I’ve been thinking a lot about Kat Rosenfield's piece on online ill health culture, and people who have built their identity around (usually chronic, and sometimes self-diagnosed, ailments).
Within the spoonie universe, the most viral content is centered on suffering, struggle, and limitation. One prominent influencer with more than 40,000 followers posts weekly photos in which she's smiling beatifically at the camera, her body blocked by text that reveals the turmoil within: ‘I wish I could tell you how much it hurts when you tell me I look well,’ reads one.
Although I’d been broadly aware of “spoonies”, Rosenfield highlights an element I hadn’t noticed, the resistance of some to the notion of being healed: that those who wish to pursue recovery are somehow pitted against those who do not.
the community's influencers can be profoundly hostile toward those who see disease as a problem to be solved rather than an identity to be protected. Under this paradigm, the desire to be healthy becomes ‘internalized ableism’
And I saw a parallel to the longer-running issue of debate within the Deaf community to cochlear implants, which are framed (unfortunately) by non-deaf people as “curing” deafness. This remains a contentious issue. Although one could argue that the Deaf community, with its own language and culture is much more of a community than many of these online health discussion groups.
I wonder too whether for some of those who build their identity online through spoonie-related groups, membership of a group is as important to them as whatever the condition is in itself. To be “cured” would be to be stripped therefore, of that identity. If they're not a member of this particular group, are they just some random normie and no longer special?

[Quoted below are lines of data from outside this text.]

text \<open>Fa, Fb, Fc are the values of f at the three initial
  points and P, Q, R, S, U its values at the five points of block m; the unknowns are the
  values a, b, c of the coordinate functions at y1, y2, z3 and A, D (first axis), B, E
  (second axis), C (third axis) at the block coordinates, the normalisation being
  u1 x1 = u3 x3 = 0 and u2 x2 = Fa.  The values C are forced by the recursion
  2 C m = C (m - 1) - G m, started from c, and c is fixed by the first three points.\<close>
lemma chain_system_solvable:
  fixes Fa Fb Fc :: "'b::field_char_0" and P Q R S U :: "nat \<Rightarrow> 'b"
  obtains a b c :: 'b and A B C D E :: "nat \<Rightarrow> 'b"
  where "a + b = Fb" and "a + Fa + c = Fc"
    and "\<And>m. A m + B m + C m = P m" and "\<And>m. D m + E m + C m = Q m"
    and "\<And>m. A m + E m + case_nat c C m = R m" and "\<And>m. D m + B m = S m"
    and "\<And>m. case_nat b B m + C m = U m"
proof -
  define G where "G m = R m + S m - P m - Q m" for m
  define c where "c = (2 * (Fc - Fa + U 0 - Fb) + G 0) / 3"
  define cc where "cc = rec_nat c (\<lambda>m x. (x - G m) / 2)"
  define C where "C m = cc (Suc m)" for m
  define a where "a = Fc - Fa - c"
  define b where "b = U 0 - C 0"
  define B where "B m = U (Suc m) - C (Suc m)" for m
  define D where "D m = S m - B m" for m
  define A where "A m = P m - B m - C m" for m
  define E where "E m = Q m - C m - D m" for m
  have cc_eq: "case_nat c C = cc" by (rule ext, simp add: C_def cc_def split: nat.split)
  have C_rec: "2 * C m = cc m - G m" for m by (simp add: C_def cc_def)
  have C0: "C 0 = (c - G 0) / 2" by (simp add: C_def cc_def)
  have "a + b = Fb"
    unfolding a_def b_def C0 c_def by (simp add: field_simps)
  moreover have "A m + E m + case_nat c C m = R m" for m
  proof -
    have "A m + E m + cc m = P m + Q m - S m + (cc m - 2 * C m)"
      by (simp add: A_def E_def D_def algebra_simps)
    also have "cc m - 2 * C m = G m"
      by (simp add: C_rec)
    finally show ?thesis by (simp add: cc_eq G_def)
  qed
  moreover have "case_nat b B m + C m = U m" for m
    by (cases m) (simp_all add: b_def B_def)
  ultimately show ?thesis
    by (intro that[of a b c A B C D E]) (simp_all add: a_def A_def D_def E_def)
qed

text \<open>In block m, the terms
  case_nat y2 r m and case_nat z3 t m are the previous coordinates: y2 resp. z3 for m = 0,
  and r (m - 1) resp. t (m - 1) otherwise.\<close>
locale chain_data =
  fixes x1 y1 x2 y2 x3 z3 :: 'a and p q r s t :: "nat \<Rightarrow> 'a"
begin

definition points :: "('a \<times> 'a \<times> 'a) set" where
  "points = {(x1, x2, x3), (y1, y2, x3), (y1, x2, z3)} \<union>
     (\<Union>m. {(p m, r m, t m), (q m, s m, t m), (p m, s m, case_nat z3 t m),
           (q m, r m, x3), (x1, case_nat y2 r m, t m)})"

lemma points_mem:
  "(x1, x2, x3) \<in> points" "(y1, y2, x3) \<in> points" "(y1, x2, z3) \<in> points"
  "(p m, r m, t m) \<in> points" "(q m, s m, t m) \<in> points" "(p m, s m, case_nat z3 t m) \<in> points"
  "(q m, r m, x3) \<in> points" "(x1, case_nat y2 r m, t m) \<in> points"
  unfolding points_def by blast+

lemma proj_points:
  "proj1 points = {x1, y1} \<union> range p \<union> range q"
  "proj2 points = {x2, y2} \<union> range r \<union> range s"
  "proj3 points = {x3, z3} \<union> range t"
proof -
  have "case_nat y2 r m \<in> {y2} \<union> range r" "case_nat z3 t m \<in> {z3} \<union> range t" for m
    by (cases m; simp)+
  then show "proj1 points = {x1, y1} \<union> range p \<union> range q"
    "proj2 points = {x2, y2} \<union> range r \<union> range s"
    "proj3 points = {x3, z3} \<union> range t"
    unfolding proj1_def proj2_def proj3_def points_def by (simp_all add: image_UN; blast)+
qed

The impossibility (or undesirability?) of cure also reminded me of the mindset of 12 Step programs. That an alcoholic is always an alcoholic, that there is no such thing as a former drunk. This worldview holds that it is therefore impossible for someone who is actually addicted to alcohol to simply cut back to moderate social drinking. It is an all-or-nothing enterprise. (This is something with which many people with a history of substance abuse have struggled).
I'm not judging anyone who finds that for their recovery it is best to never again be around the substance that got them into trouble. But we know this doesn’t work for everyone, and there are other pathways that have been developed in recent years, like pharmaceutical treatments.
But to be cured can destabilise people’s idea of themselves - if my addiction was curable, why wasn’t I able to cure it sooner? Was it really an addiction or am I just suffering from a lack of willpower? Not to mention being judged by others who have their own fixed ideas of what addiction and recovery mean.
It is also not new for people to feel having some kind of condition is what gives their life meaning. As Carolyn Day wrote about the cultural role of consumption in the nineteenth century, to be consumptive was to be elegantly weak, vulnerable and refined. Too delicate for this life.
The physically perfect may be heroic but they are not romantic, because our sympathies are drawn to the flawed. The picturesque, the elegant death of tuberculosis was romantic: dying of cholera was not. (Succumbing to dysentery or typhoid don't come up in many opera plots).
Romanticizing physical illness was a way for people in the eighteenth and nineteenth centuries to rationalize the world, in the sense of only the good die young. They needed ways to understand the deaths of infants, but more especially young adults. To die in childhood back then was not uncommon, and was obviously tragic, but people who had survived the specter of death in the cradle and begun to be the adults they would become: their deaths were truly wrenching.
The romantic illness required suffering, to be long enough to plan for their impending doom, to be known as fated. A rapid fever that could take someone in 48 hours was terrifying, but not romantic. Romantic was a lingering disease without too many off-putting physical indications. Pale skin, thinness: romantic. Diarrhea and necrotizing flesh: not so much.
So with tuberculosis Victorians had the perfect romantic illness. It was seen to denote emotional, as well as physical delicacy. A refinement and weakness to which young women could aspire. And whereas Victorians didn’t have a cure for TB, some of today’s illness-culture identifiers, apparently don’t want one.